Iki

July long weekend! We went on a trip to Iki, an island in Nagasaki. The island is famous for Alcohol, beaches and things shaped like monkeys, so pre-trip anticipation of good times were high, and Iki did not disappoint.

We took the ferry on saturday morning, picked up rental cars and after setting up our tents headed to beach number 1!

Spent the afternoon swimming, unsuccessfully snorkling, exploring, trying to do cartwheels and eating strange flavoured potato chips.

If Iki has a downfall, it’s its lack of places to eat. Every restaurant we tried either had no space for 10 people or was closed. We ended up at a curry and beef bowl restaurant with mediocre food for dinner, but had a great time the rest of the night.

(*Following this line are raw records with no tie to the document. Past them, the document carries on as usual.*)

(* For any digraph $G$ and any field $\mathbb F$, $\rho(G)=h_1^{\rm twist}(\underline{\mathbb F})$, where $\underline{\mathbb F}$ is the structure sheaf of $G$.
   Context: A digraph $G$ has finite vertex set $V_G$, edge set $E_G$, and tail/head maps $t_G,h_G\colon E_G\to V_G$ (multiple edges and loops allowed). The structure sheaf $\underline{\mathbb F}$ assigns $\mathbb F$ to every vertex and edge, with all restriction maps the identity. For a sheaf $\mathcal F$ (values $\mathcal F(P)$, restriction maps $\mathcal F(t,e)\colon\mathcal F(e)\to\mathcal F(t_Ge)$, $\mathcal F(h,e)\colon\mathcal F(e)\to\mathcal F(h_Ge)$), let $\psi(e)$, $e\in E_G$, be independent indeterminates and $\mathcal F^\psi$ the sheaf of $\mathbb F(\psi)$-spaces with values $\mathcal F(P)\otimes\mathbb F(\psi)$, head maps $\mathcal F(h,e)$, tail maps $\psi(e)\mathcal F(t,e)$; $h_1^{\rm twist}(\mathcal F)$ is the $\mathbb F(\psi)$-dimension of the kernel of $d=d_h-d_t\colon\bigoplus_e\mathcal F^\psi(e)\to\bigoplus_v\mathcal F^\psi(v)$, where $d_h$ (resp. $d_t$) sends the summand of $e$ to that of $h_Ge$ (resp. $t_Ge$) via the head (resp. tail) map. Regarding $G$ as undirected, for a connected component $X$ let $h_1(X)=|E_X|-|V_X|+1$, and $\rho(G)=\sum_X\max(0,h_1(X)-1)$ over connected components. *)

theory Defs
  imports "Graph_Theory.Graph_Theory" "HOL-Library.Poly_Mapping" "HOL-Library.Function_Algebras"
    "HOL-Computational_Algebra.Fraction_Field"
begin

text \<open>The rational function field F(psi) in independent indeterminates psi(e), one per
  arc e: the fraction field of the polynomial ring F[psi(e) : e], where polynomials are
  finitely supported maps from monomials (finitely supported exponent vectors) to F.
  The linear order on the arc type is only a technical device required by the library
  to provide the integral-domain instance.\<close>

type_synonym ('e, 'k) ratfun = "(('e \<Rightarrow>\<^sub>0 nat) \<Rightarrow>\<^sub>0 'k) fract"

definition psi :: "'e \<Rightarrow> ('e::linorder, 'k::field) ratfun" where
  "psi e = Fract (Poly_Mapping.single (Poly_Mapping.single e 1) 1) 1"

text \<open>Twisted structure sheaf: head maps identity, tail maps multiplication by psi(e).
  1-cochains are families (x_e) for e in arcs G, represented by functions vanishing
  outside arcs G; d = d_h - d_t lands in the 0-cochains indexed by vertices.\<close>

definition d_head :: "('v,'e) pre_digraph \<Rightarrow> ('e \<Rightarrow> ('e::linorder,'k::field) ratfun) \<Rightarrow> 'v \<Rightarrow> ('e,'k) ratfun" where
  "d_head G x v = (\<Sum>e\<in>{e\<in>arcs G. head G e = v}. x e)"

definition d_tail :: "('v,'e) pre_digraph \<Rightarrow> ('e \<Rightarrow> ('e::linorder,'k::field) ratfun) \<Rightarrow> 'v \<Rightarrow> ('e,'k) ratfun" where
  "d_tail G x v = (\<Sum>e\<in>{e\<in>arcs G. tail G e = v}. psi e * x e)"

definition twisted_d :: "('v,'e) pre_digraph \<Rightarrow> ('e \<Rightarrow> ('e::linorder,'k::field) ratfun) \<Rightarrow> 'v \<Rightarrow> ('e,'k) ratfun" where
  "twisted_d G x v = d_head G x v - d_tail G x v"

definition twisted_kernel :: "'k::field itself \<Rightarrow> ('v,'e::linorder) pre_digraph \<Rightarrow> ('e \<Rightarrow> ('e,'k) ratfun) set" where
  "twisted_kernel _ G = {x. (\<forall>e. e \<notin> arcs G \<longrightarrow> x e = 0) \<and> (\<forall>v\<in>verts G. twisted_d G x v = 0)}"

definition h1_twist_struct :: "'k::field itself \<Rightarrow> ('v,'e::linorder) pre_digraph \<Rightarrow> nat" where
  "h1_twist_struct K G =
     vector_space.dim (\<lambda>(c::('e,'k) ratfun) x e. c * x e) (twisted_kernel K G)"

definition components :: "('v,'e) pre_digraph \<Rightarrow> 'v set set" where
  "components G = pre_digraph.sccs_verts (with_proj (mk_symmetric G))"

definition h1_comp :: "('v,'e) pre_digraph \<Rightarrow> 'v set \<Rightarrow> int" where
  "h1_comp G C = int (card {e\<in>arcs G. tail G e \<in> C}) - int (card C) + 1"

definition rho :: "('v,'e) pre_digraph \<Rightarrow> int" where
  "rho G = (\<Sum>C\<in>components G. max 0 (h1_comp G C - 1))"

end

theory Submission
  imports Defs
begin

(* Add the arcs one at a time. The kernel of d grows by one dimension when the new arc e is added
   exactly if -d(unit e) already lies in the image of d on the old arcs. This is decided component
   by component, with excess = #arcs - #vertices of a component. If the excess is nonnegative, the
   component carries a cycle whose twisted monodromy is a nontrivial monomial, and the image of d
   contains every vertex cochain supported on it. If the excess is -1, the component is a tree and
   the image of d on it is the kernel of a twisted potential whose values are Laurent monomials in
   the psi of its own arcs; such a potential cannot vanish on d(unit e) for a new arc e. Hence the
   dimension grows exactly when both ends of e lie in components of nonnegative excess, which is
   exactly when sum over components of max(0, excess) = rho grows. *)

section \<open>Laurent monomials\<close>

definition laurent :: "('e \<Rightarrow>\<^sub>0 nat) \<Rightarrow> ('e \<Rightarrow>\<^sub>0 nat) \<Rightarrow> ('e::linorder, 'k::field) ratfun" where
  "laurent a b = Fract (Poly_Mapping.single a 1) (Poly_Mapping.single b 1)"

The next morning started with bang after we found the number one tourist attraction on Iki.

Saruiwa: A rock shaped like a monkey.

From the northern end of the island you can catch a short ferry to a smaller island with a beach and nothing else. It was gorgeous. Beautiful beach, clear blue water, it was hard to believe we were still in Japan.

We returned, extremely sunburnt, from this island and found the only grocery store on the island and bought enough meat to have our own BBQ at the campground. Yakisoba, grilled veggies and delicious meat.

It was a wonderful weekend and I’ll likely post more on Iki later, haven’t organized my photos yet, but posting to appease some dearly missed friends!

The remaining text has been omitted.